Was soll man machen, als Gnom auf einem Rp server? Natürlich Gnomeningi werden ^^


----------



## Vatenkeist (25. Januar 2008)

ich bin beides mit verschiedenen charas da beide specs interesssant genug sind umd gespielt/gelernt zu werden


----------



## Unaton (25. Januar 2008)

Goblin Ingie.
Meiner Meinung nach um einiges lustiger^^


----------



## Orinor (27. Januar 2008)

goblin


----------



## Saubähr (30. Januar 2008)

Gnomeningi, lustigere Items...
als Goblin flog mir zu viel um die Ohren 


			Dieser Inhalt steht nur eingeloggten Mitgliedern zur Verfügung.


----------



## Kroshi (8. Februar 2008)

Gobliningi, weil ich den Raketenwerfer (ka wie das teil heist) und den helm haben wollte (den raketenwerfer hab ich fast 


			Dieser Inhalt steht nur eingeloggten Mitgliedern zur Verfügung.
        

). Aber ich hab leider zu spät gemerkt dass man schon bessere auf 350 basteln kann


----------



## Zoobesitzer (11. Februar 2008)

Goblin- weil es hieß, da gibts die stärksten Bomben- nen ernsthaften Beruf zum Gold farmen kann doch jeder machen^^

Mittlerweile hab ich aber auch das Rezz-Kabel lieb gewonnen


----------



## Treppe (13. Januar 2009)

bin gnomen inge weil ich die einfach mehr mag ^^ und die röntgenbrille is einfahc nur geil =D


----------



## oliilo (16. Januar 2009)

ich bin zwar goblin aber gnome wär besser gewesen aber kein bock nommal hock zu skillen


----------



## neo1986 (16. Januar 2009)

WolsraiN schrieb:


> ....



Ich bin Gnomen ingi


----------



## grolaurc (21. Januar 2009)

goblin ingi^^ (bin feral)

naja hätt schon erwartet dass man als katze die bomben zünden kann.... man verwandelt sich aber zurück  


			Dieser Inhalt steht nur eingeloggten Mitgliedern zur Verfügung.
        

 

naja hauptsache das kabel^^

grol


----------



## Rudi TD (22. Januar 2009)

Gnomeningenieur, die haben einfach so viele tolle Spielerreien, außerdem bin ich ein "Blutsegeladmiral"  

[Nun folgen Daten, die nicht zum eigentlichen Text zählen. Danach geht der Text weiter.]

(* Let $(X,d)$ be a finite pseudometric space and let $A\subseteq X$ be a nonempty proper subset such that $d(i,j)=0$ for all $i,j\in A$. Let $\sigma:=A\,|\,A^c$. Then for every $\alpha_\sigma\ge0$, $$\operatorname{LIP}(X,d+\alpha_\sigma\delta_\sigma)=\operatorname{LIP}(X,d)+\alpha_\sigma S_\sigma .$$
   Context: Let $X$ be a finite set, $n:=|X|$, $\{\mathbbm 1_k\}_{k\in X}$ the standard basis of $\mathbb R^X$, and $\mathbbm 1_A:=\sum_{x\in A}\mathbbm 1_x$. A split of $X$ is an unordered pair of nonempty disjoint subsets $A,B$ with $A\cup B=X$, written $A|B$. For a split $\sigma=A|B$, $\delta_\sigma(i,j)=0$ if $i,j$ lie in the same side and $1$ otherwise, and $S_\sigma:=\operatorname{conv}\{\tfrac{|B|}{n}\mathbbm 1_A-\tfrac{|A|}{n}\mathbbm 1_B,\ \tfrac{|A|}{n}\mathbbm 1_B-\tfrac{|B|}{n}\mathbbm 1_A\}\subseteq\mathbb R^X$; $cS_\sigma$ denotes its scaling by $c\ge 0$, and $+$ is Minkowski sum. For a pseudometric $d$ on $X$ (symmetric, nonnegative, $d(x,x)=0$, triangle inequality; distinct points may have distance 0), $\operatorname{LIP}(X,d):=\{x\in\mathbb R^X\mid\sum_i x_i=0,\ x_i-x_j\le d(i,j)\ \forall i,j\in X\}$. *)

theory Defs
  imports Complex_Main
begin

text \<open>Vectors in R^X are modelled as functions 'a => real vanishing outside X.\<close>

definition pseudometric_on :: "'a set \<Rightarrow> ('a \<Rightarrow> 'a \<Rightarrow> real) \<Rightarrow> bool" where
  "pseudometric_on X d \<longleftrightarrow>
     (\<forall>i\<in>X. d i i = 0) \<and>
     (\<forall>i\<in>X. \<forall>j\<in>X. d i j = d j i \<and> d i j \<ge> 0) \<and>
     (\<forall>i\<in>X. \<forall>j\<in>X. \<forall>k\<in>X. d i k \<le> d i j + d j k)"

definition indic_vec :: "'a set \<Rightarrow> 'a \<Rightarrow> real" where
  "indic_vec A = (\<lambda>x. if x \<in> A then 1 else 0)"

definition LIP :: "'a set \<Rightarrow> ('a \<Rightarrow> 'a \<Rightarrow> real) \<Rightarrow> ('a \<Rightarrow> real) set" where
  "LIP X d = {x. (\<forall>i. i \<notin> X \<longrightarrow> x i = 0) \<and> (\<Sum>i\<in>X. x i) = 0 \<and>
                  (\<forall>i\<in>X. \<forall>j\<in>X. x i - x j \<le> d i j)}"

definition split_delta :: "'a set \<Rightarrow> 'a set \<Rightarrow> 'a \<Rightarrow> 'a \<Rightarrow> real" where
  "split_delta A B i j = (if (i \<in> A \<and> j \<in> A) \<or> (i \<in> B \<and> j \<in> B) then 0 else 1)"
(* Let $A\in\mathbb R^{m\times N}$, let $\mathcal B=(\mathcal B_1,\dots,\mathcal B_B)$ be a block structure with weights $\omega=(\omega_1,\dots,\omega_B)$, $\omega_i\ge1$. Let $s\ge2\|\omega\|_\infty^2$ and suppose $A$ satisfies the WBRIP of order $2s$ with constant $\delta_{2s}<\frac{1}{2\sqrt2+1}$. Then $A$ satisfies the $\ell^2_\omega$-BRNSP of order $s$ with constants $\rho=\frac{2\sqrt2\,\delta_{2s}}{1-\delta_{2s}}$ and $\tau=\frac{\sqrt{1+\delta_{2s}}}{1-\delta_{2s}}$.
   Context: Block structure: $\mathcal B=(\mathcal B_1,\dots,\mathcal B_B)$ partition of $\{1,\dots,N\}$; $x[b]=x[\mathcal B_b]$; for $S\subseteq\{1,\dots,B\}$, $x[S]$ equals $x$ on blocks in $S$ and $0$ elsewhere, $S^c$ its complement. Weights $\omega_b\ge1$, $\|\omega\|_\infty=\max_b\omega_b$, $\omega(S)=\sum_{b\in S}\omega_b^2$. $\|x\|_{2,p}^{(\omega)}=\big(\sum_b\omega_b^{2-p}\|x[b]\|_2^p\big)^{1/p}$. $\|x\|_0^{(\omega)}=\omega(\{b:x[b]\ne0\})$. Definition ($\ell^p_\omega$-BRNSP): $A$ satisfies the weighted block $\ell^p$ robust null space property of order $s$ with constants $\rho\in(0,1)$, $\tau>0$ if $\|x[S]\|_{2,p}^{(\omega)}\le\frac{\rho}{s^{1-1/p}}\|x[S^c]\|_{2,1}^{(\omega)}+\tau\|Ax\|_2$ for all $x\in\mathbb R^N$ and all $S$ with $\omega(S)\le s$. Definition (WBRIP): $A$ satisfies the weighted block restricted isometry property of order $t\ge\|\omega\|_\infty$ with constant $\delta\in(0,1)$ if $(1-\delta)\|x\|_2^2\le\|Ax\|_2^2\le(1+\delta)\|x\|_2^2$ for all $x$ with $\|x\|_0^{(\omega)}\le t$; the smallest such $\delta$ is denoted $\delta_t$. *)

theory Defs
  imports "HOL-Analysis.Analysis"
begin

text \<open>A block structure is a surjective map \<open>blk :: 'n \<Rightarrow> 'b\<close>, block b being
  the (nonempty) set of indices i with blk i = b.\<close>

definition block_structure :: "('n::finite \<Rightarrow> 'b::finite) \<Rightarrow> bool" where
  "block_structure blk \<longleftrightarrow> surj blk"

definition bnorm :: "('n::finite \<Rightarrow> 'b) \<Rightarrow> real ^ 'n \<Rightarrow> 'b \<Rightarrow> real" where
  "bnorm blk x b = sqrt (\<Sum>i\<in>{i. blk i = b}. (x $ i)\<^sup>2)"

definition brestrict :: "('n::finite \<Rightarrow> 'b) \<Rightarrow> 'b set \<Rightarrow> real ^ 'n \<Rightarrow> real ^ 'n" where
  "brestrict blk S x = (\<chi> i. if blk i \<in> S then x $ i else 0)"

definition wset :: "('b \<Rightarrow> real) \<Rightarrow> 'b set \<Rightarrow> real" where
  "wset \<omega> S = (\<Sum>b\<in>S. (\<omega> b)\<^sup>2)"

definition wmax :: "('b::finite \<Rightarrow> real) \<Rightarrow> real" where
  "wmax \<omega> = Max (range \<omega>)"

definition wnorm :: "('n::finite \<Rightarrow> 'b::finite) \<Rightarrow> ('b \<Rightarrow> real) \<Rightarrow> real \<Rightarrow> real ^ 'n \<Rightarrow> real" where
  "wnorm blk \<omega> p x = (\<Sum>b\<in>UNIV. \<omega> b powr (2 - p) * bnorm blk x b powr p) powr (1 / p)"

definition wsparsity :: "('n::finite \<Rightarrow> 'b::finite) \<Rightarrow> ('b \<Rightarrow> real) \<Rightarrow> real ^ 'n \<Rightarrow> real" where
  "wsparsity blk \<omega> x = wset \<omega> {b. brestrict blk {b} x \<noteq> 0}"

definition brnsp :: "('n::finite \<Rightarrow> 'b::finite) \<Rightarrow> ('b \<Rightarrow> real) \<Rightarrow> real \<Rightarrow> real ^ 'n ^ 'm \<Rightarrow>
    real \<Rightarrow> real \<Rightarrow> real \<Rightarrow> bool" where
  "brnsp blk \<omega> p A s \<rho> \<tau> \<longleftrightarrow> 0 < \<rho> \<and> \<rho> < 1 \<and> 0 < \<tau> \<and>
     (\<forall>x S. wset \<omega> S \<le> s \<longrightarrow>
        wnorm blk \<omega> p (brestrict blk S x)
          \<le> \<rho> / s powr (1 - 1 / p) * wnorm blk \<omega> 1 (brestrict blk (- S) x) + \<tau> * norm (A *v x))"

definition wbrip_ineq :: "('n::finite \<Rightarrow> 'b::finite) \<Rightarrow> ('b \<Rightarrow> real) \<Rightarrow> real ^ 'n ^ 'm \<Rightarrow>
    real \<Rightarrow> real \<Rightarrow> bool" where
  "wbrip_ineq blk \<omega> A t \<delta> \<longleftrightarrow>
     (\<forall>x. wsparsity blk \<omega> x \<le> t \<longrightarrow>
        (1 - \<delta>) * (norm x)\<^sup>2 \<le> (norm (A *v x))\<^sup>2 \<and> (norm (A *v x))\<^sup>2 \<le> (1 + \<delta>) * (norm x)\<^sup>2)"

definition wbrip :: "('n::finite \<Rightarrow> 'b::finite) \<Rightarrow> ('b \<Rightarrow> real) \<Rightarrow> real ^ 'n ^ 'm \<Rightarrow>
    real \<Rightarrow> real \<Rightarrow> bool" where
  "wbrip blk \<omega> A t \<delta> \<longleftrightarrow> wmax \<omega> \<le> t \<and> 0 < \<delta> \<and> \<delta> < 1 \<and> wbrip_ineq blk \<omega> A t \<delta>"

definition wbrip_const :: "('n::finite \<Rightarrow> 'b::finite) \<Rightarrow> ('b \<Rightarrow> real) \<Rightarrow> real ^ 'n ^ 'm \<Rightarrow>
    real \<Rightarrow> real" where
  "wbrip_const blk \<omega> A t = Inf {\<delta>. 0 \<le> \<delta> \<and> wbrip_ineq blk \<omega> A t \<delta>}"

end

theory Submission
  imports Defs
begin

			Dieser Inhalt steht nur eingeloggten Mitgliedern zur Verfügung.
        

 

Das Goblinüberbrückungskabel XL kann man übrigens auch als Gnomeningeniuer benutzen, nur nicht herstellen.


----------



## Páládínftw (23. Januar 2009)

Gnom, wegen der Röntgenbrille.  


			Dieser Inhalt steht nur eingeloggten Mitgliedern zur Verfügung.


----------



## Forderz (7. Februar 2009)

Gnom, aber was meint ihr mit Röntgenbrille? :>


----------



## Sir Wagi (10. Februar 2009)

lol ...
Genau 136 Abstimmungen ... Und genau "halbe-halbe" ^^

Wollte eigentlich Gobliningi machen ... Hab aber damals in voller Quest-Euphorie die "falsche" Q abgegeben und bin seitdem Gnomingi ... Aber ich bereue es keineswegs 


			Dieser Inhalt steht nur eingeloggten Mitgliedern zur Verfügung.


----------



## Fusie (10. Februar 2009)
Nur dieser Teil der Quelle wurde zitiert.